◆ Aim of the task: Restate all of the data precisely, omitting nothing.

※

lemma has_jet6_tendsto:
  assumes "has_jet6 f (c0 # cs)" shows "(f \<longlongrightarrow> c0) (nhds 0)"
proof -
  have "((\<lambda>e::real. e ^ 6) \<longlongrightarrow> 0) (nhds 0)"
    by (auto intro!: tendsto_eq_intros filterlim_ident)
  with assms have "((\<lambda>e. f e - horner_sum id e (c0 # cs)) \<longlongrightarrow> 0) (nhds 0)"
    unfolding has_jet6_def by (rule smallo_imp_tendsto_zero)
  then have "((\<lambda>e. (f e - horner_sum id e (c0 # cs)) + horner_sum id e (c0 # cs))
      \<longlongrightarrow> 0 + horner_sum id 0 (c0 # cs)) (nhds 0)"
    by (intro tendsto_add tendsto_nhds_horner_sum)
  then show ?thesis by simp
qed

lemma has_jet6_bigo_1:
  assumes "has_jet6 f (c0 # cs)" shows "f \<in> O[nhds 0](\<lambda>_. 1)"
  by (rule bigo_1_if_tendsto[OF has_jet6_tendsto[OF assms]])

lemma has_jet6_add:
  assumes "has_jet6 f c" "has_jet6 g d" "length c = length d"
  shows "has_jet6 (\<lambda>e. f e + g e) (map2 (+) c d)"
  using sum_in_smallo(1)[OF assms(1,2)[unfolded has_jet6_def]] unfolding has_jet6_def
  by (simp add: horner_sum_add[OF assms(3)] algebra_simps)

lemma has_jet6_cmult: "has_jet6 f c \<Longrightarrow> has_jet6 (\<lambda>e. k * f e) (map ((*) k) c)"
  unfolding has_jet6_def horner_sum_cmult right_diff_distrib[symmetric]
  by (cases "k = 0") simp_all

lemma has_jet6_mult:
  assumes f: "has_jet6 f [c0,c1,c2,c3,c4,c5,c6]" and g: "has_jet6 g [d0,d1,d2,d3,d4,d5,d6]"
    and "h0 = c0*d0"
    "h1 = c0*d1 + c1*d0"
    "h2 = c0*d2 + c1*d1 + c2*d0"
    "h3 = c0*d3 + c1*d2 + c2*d1 + c3*d0"
    "h4 = c0*d4 + c1*d3 + c2*d2 + c3*d1 + c4*d0"
    "h5 = c0*d5 + c1*d4 + c2*d3 + c3*d2 + c4*d1 + c5*d0"
    "h6 = c0*d6 + c1*d5 + c2*d4 + c3*d3 + c4*d2 + c5*d1 + c6*d0"
  shows "has_jet6 (\<lambda>e. f e * g e) [h0,h1,h2,h3,h4,h5,h6]"
proof -
  let ?C = "\<lambda>e. horner_sum id e [c0,c1,c2,c3,c4,c5,c6]"
  let ?D = "\<lambda>e. horner_sum id e [d0,d1,d2,d3,d4,d5,d6]"
  let ?H = "\<lambda>e. horner_sum id e [h0,h1,h2,h3,h4,h5,h6]"
  \<comment> \<open>the terms of degree 7 to 12 of the product of the two polynomials\<close>
  let ?R = "\<lambda>e. horner_sum id e [c1*d6 + c2*d5 + c3*d4 + c4*d3 + c5*d2 + c6*d1,
    c2*d6 + c3*d5 + c4*d4 + c5*d3 + c6*d2, c3*d6 + c4*d5 + c5*d4 + c6*d3,
    c4*d6 + c5*d5 + c6*d4, c5*d6 + c6*d5, c6*d6]"
  have split: "f e * g e - ?H e = (f e - ?C e) * g e + ?C e * (g e - ?D e) + e ^ Suc 6 * ?R e" for e
    unfolding assms(3-9) by simp algebra
  have "(\<lambda>e. (f e - ?C e) * g e) \<in> o[nhds 0](\<lambda>e. e ^ 6 * 1)"
    using f has_jet6_bigo_1[OF g] unfolding has_jet6_def by (rule landau_o.small_big_mult)
  moreover have "(\<lambda>e. ?C e * (g e - ?D e)) \<in> o[nhds 0](\<lambda>e. 1 * e ^ 6)"
    using g unfolding has_jet6_def
    by (rule landau_o.big_small_mult[OF bigo_1_if_tendsto[OF tendsto_nhds_horner_sum]])
  moreover have "(\<lambda>e. e ^ Suc 6 * ?R e) \<in> o[nhds 0](\<lambda>e. e ^ 6)"
    by (rule smallo_nhds_0_power_Suc_mult[OF bigo_1_if_tendsto[OF tendsto_nhds_horner_sum]])
  ultimately show ?thesis
    unfolding has_jet6_def split by (simp add: sum_in_smallo(1))
qed

lemma has_jet6_divide:
  assumes d: "has_jet6 d [D0,D1,D2,D3,D4,D5,D6]" and x: "has_jet6 x [X0,X1,X2,X3,X4,X5,X6]"
    and "X0 \<noteq> 0"
    and "D0 = Q0*X0"
    "D1 = Q0*X1 + Q1*X0"
    "D2 = Q0*X2 + Q1*X1 + Q2*X0"
    "D3 = Q0*X3 + Q1*X2 + Q2*X1 + Q3*X0"
    "D4 = Q0*X4 + Q1*X3 + Q2*X2 + Q3*X1 + Q4*X0"
    "D5 = Q0*X5 + Q1*X4 + Q2*X3 + Q3*X2 + Q4*X1 + Q5*X0"
    "D6 = Q0*X6 + Q1*X5 + Q2*X4 + Q3*X3 + Q4*X2 + Q5*X1 + Q6*X0"
  shows "has_jet6 (\<lambda>e. d e / x e) [Q0,Q1,Q2,Q3,Q4,Q5,Q6]"
proof -
  let ?Q = "\<lambda>e. horner_sum id e [Q0,Q1,Q2,Q3,Q4,Q5,Q6]"
  let ?D = "\<lambda>e. horner_sum id e [D0,D1,D2,D3,D4,D5,D6]"
  have "has_jet6 (\<lambda>e. ?Q e * x e) [D0,D1,D2,D3,D4,D5,D6]"
    by (rule has_jet6_mult[OF has_jet6_horner_sum x]) (simp_all add: assms(4-10))
  with d have "(\<lambda>e. (d e - ?D e) - (?Q e * x e - ?D e)) \<in> o[nhds 0](\<lambda>e. e ^ 6)"
    unfolding has_jet6_def by (rule sum_in_smallo(2))
  moreover have x_lim: "(x \<longlongrightarrow> X0) (nhds 0)"
    by (rule has_jet6_tendsto[OF x])
  then have "(\<lambda>e. 1 / x e) \<in> O[nhds 0](\<lambda>_. 1)"
    using \<open>X0 \<noteq> 0\<close> by (intro bigo_1_if_tendsto[OF tendsto_divide[OF tendsto_const]])
  ultimately have "(\<lambda>e. (d e - ?Q e * x e) * (1 / x e)) \<in> o[nhds 0](\<lambda>e. e ^ 6 * 1)"
    by (auto dest: landau_o.small_big_mult)
  moreover have "eventually (\<lambda>e. x e \<noteq> 0) (nhds 0)"
    by (rule tendsto_imp_eventually_ne[OF x_lim \<open>X0 \<noteq> 0\<close>])
  then have "eventually (\<lambda>e. (d e - ?Q e * x e) * (1 / x e) = d e / x e - ?Q e) (nhds 0)"
    by eventually_elim (simp add: field_simps)
  ultimately show ?thesis
    unfolding has_jet6_def by (simp add: landau_o.small.in_cong)
qed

※

◆ Reply to the exercise:
lemma has_jet6_tendsto:
  assumes "has_jet6 f (c0 # cs)" shows "(f \<longlongrightarrow> c0) (nhds 0)"
proof -
  have "((\<lambda>e::real. e ^ 6) \<longlongrightarrow> 0) (nhds 0)"
    by (auto intro!: tendsto_eq_intros filterlim_ident)
  with assms have "((\<lambda>e. f e - horner_sum id e (c0 # cs)) \<longlongrightarrow> 0) (nhds 0)"
    unfolding has_jet6_def by (rule smallo_imp_tendsto_zero)
  then have "((\<lambda>e. (f e - horner_sum id e (c0 # cs)) + horner_sum id e (c0 # cs))
      \<longlongrightarrow> 0 + horner_sum id 0 (c0 # cs)) (nhds 0)"
    by (intro tendsto_add tendsto_nhds_horner_sum)
  then show ?thesis by simp
qed

lemma has_jet6_bigo_1:
  assumes "has_jet6 f (c0 # cs)" shows "f \<in> O[nhds 0](\<lambda>_. 1)"
  by (rule bigo_1_if_tendsto[OF has_jet6_tendsto[OF assms]])

lemma has_jet6_add:
  assumes "has_jet6 f c" "has_jet6 g d" "length c = length d"
  shows "has_jet6 (\<lambda>e. f e + g e) (map2 (+) c d)"
  using sum_in_smallo(1)[OF assms(1,2)[unfolded has_jet6_def]] unfolding has_jet6_def
  by (simp add: horner_sum_add[OF assms(3)] algebra_simps)

lemma has_jet6_cmult: "has_jet6 f c \<Longrightarrow> has_jet6 (\<lambda>e. k * f e) (map ((*) k) c)"
  unfolding has_jet6_def horner_sum_cmult right_diff_distrib[symmetric]
  by (cases "k = 0") simp_all

lemma has_jet6_mult:
  assumes f: "has_jet6 f [c0,c1,c2,c3,c4,c5,c6]" and g: "has_jet6 g [d0,d1,d2,d3,d4,d5,d6]"
    and "h0 = c0*d0"
    "h1 = c0*d1 + c1*d0"
    "h2 = c0*d2 + c1*d1 + c2*d0"
    "h3 = c0*d3 + c1*d2 + c2*d1 + c3*d0"
    "h4 = c0*d4 + c1*d3 + c2*d2 + c3*d1 + c4*d0"
    "h5 = c0*d5 + c1*d4 + c2*d3 + c3*d2 + c4*d1 + c5*d0"
    "h6 = c0*d6 + c1*d5 + c2*d4 + c3*d3 + c4*d2 + c5*d1 + c6*d0"
  shows "has_jet6 (\<lambda>e. f e * g e) [h0,h1,h2,h3,h4,h5,h6]"
proof -
  let ?C = "\<lambda>e. horner_sum id e [c0,c1,c2,c3,c4,c5,c6]"
  let ?D = "\<lambda>e. horner_sum id e [d0,d1,d2,d3,d4,d5,d6]"
  let ?H = "\<lambda>e. horner_sum id e [h0,h1,h2,h3,h4,h5,h6]"
  \<comment> \<open>the terms of degree 7 to 12 of the product of the two polynomials\<close>
  let ?R = "\<lambda>e. horner_sum id e [c1*d6 + c2*d5 + c3*d4 + c4*d3 + c5*d2 + c6*d1,
    c2*d6 + c3*d5 + c4*d4 + c5*d3 + c6*d2, c3*d6 + c4*d5 + c5*d4 + c6*d3,
    c4*d6 + c5*d5 + c6*d4, c5*d6 + c6*d5, c6*d6]"
  have split: "f e * g e - ?H e = (f e - ?C e) * g e + ?C e * (g e - ?D e) + e ^ Suc 6 * ?R e" for e
    unfolding assms(3-9) by simp algebra
  have "(\<lambda>e. (f e - ?C e) * g e) \<in> o[nhds 0](\<lambda>e. e ^ 6 * 1)"
    using f has_jet6_bigo_1[OF g] unfolding has_jet6_def by (rule landau_o.small_big_mult)
  moreover have "(\<lambda>e. ?C e * (g e - ?D e)) \<in> o[nhds 0](\<lambda>e. 1 * e ^ 6)"
    using g unfolding has_jet6_def
    by (rule landau_o.big_small_mult[OF bigo_1_if_tendsto[OF tendsto_nhds_horner_sum]])
  moreover have "(\<lambda>e. e ^ Suc 6 * ?R e) \<in> o[nhds 0](\<lambda>e. e ^ 6)"
    by (rule smallo_nhds_0_power_Suc_mult[OF bigo_1_if_tendsto[OF tendsto_nhds_horner_sum]])
  ultimately show ?thesis
    unfolding has_jet6_def split by (simp add: sum_in_smallo(1))
qed

lemma has_jet6_divide:
  assumes d: "has_jet6 d [D0,D1,D2,D3,D4,D5,D6]" and x: "has_jet6 x [X0,X1,X2,X3,X4,X5,X6]"
    and "X0 \<noteq> 0"
    and "D0 = Q0*X0"
    "D1 = Q0*X1 + Q1*X0"
    "D2 = Q0*X2 + Q1*X1 + Q2*X0"
    "D3 = Q0*X3 + Q1*X2 + Q2*X1 + Q3*X0"
    "D4 = Q0*X4 + Q1*X3 + Q2*X2 + Q3*X1 + Q4*X0"
    "D5 = Q0*X5 + Q1*X4 + Q2*X3 + Q3*X2 + Q4*X1 + Q5*X0"
    "D6 = Q0*X6 + Q1*X5 + Q2*X4 + Q3*X3 + Q4*X2 + Q5*X1 + Q6*X0"
  shows "has_jet6 (\<lambda>e. d e / x e) [Q0,Q1,Q2,Q3,Q4,Q5,Q6]"
proof -
  let ?Q = "\<lambda>e. horner_sum id e [Q0,Q1,Q2,Q3,Q4,Q5,Q6]"
  let ?D = "\<lambda>e. horner_sum id e [D0,D1,D2,D3,D4,D5,D6]"
  have "has_jet6 (\<lambda>e. ?Q e * x e) [D0,D1,D2,D3,D4,D5,D6]"
    by (rule has_jet6_mult[OF has_jet6_horner_sum x]) (simp_all add: assms(4-10))
  with d have "(\<lambda>e. (d e - ?D e) - (?Q e * x e - ?D e)) \<in> o[nhds 0](\<lambda>e. e ^ 6)"
    unfolding has_jet6_def by (rule sum_in_smallo(2))
  moreover have x_lim: "(x \<longlongrightarrow> X0) (nhds 0)"
    by (rule has_jet6_tendsto[OF x])
  then have "(\<lambda>e. 1 / x e) \<in> O[nhds 0](\<lambda>_. 1)"
    using \<open>X0 \<noteq> 0\<close> by (intro bigo_1_if_tendsto[OF tendsto_divide[OF tendsto_const]])
  ultimately have "(\<lambda>e. (d e - ?Q e * x e) * (1 / x e)) \<in> o[nhds 0](\<lambda>e. e ^ 6 * 1)"
    by (auto dest: landau_o.small_big_mult)
  moreover have "eventually (\<lambda>e. x e \<noteq> 0) (nhds 0)"
    by (rule tendsto_imp_eventually_ne[OF x_lim \<open>X0 \<noteq> 0\<close>])
  then have "eventually (\<lambda>e. (d e - ?Q e * x e) * (1 / x e) = d e / x e - ?Q e) (nhds 0)"
    by eventually_elim (simp add: field_simps)
  ultimately show ?thesis
    unfolding has_jet6_def by (simp add: landau_o.small.in_cong)
qed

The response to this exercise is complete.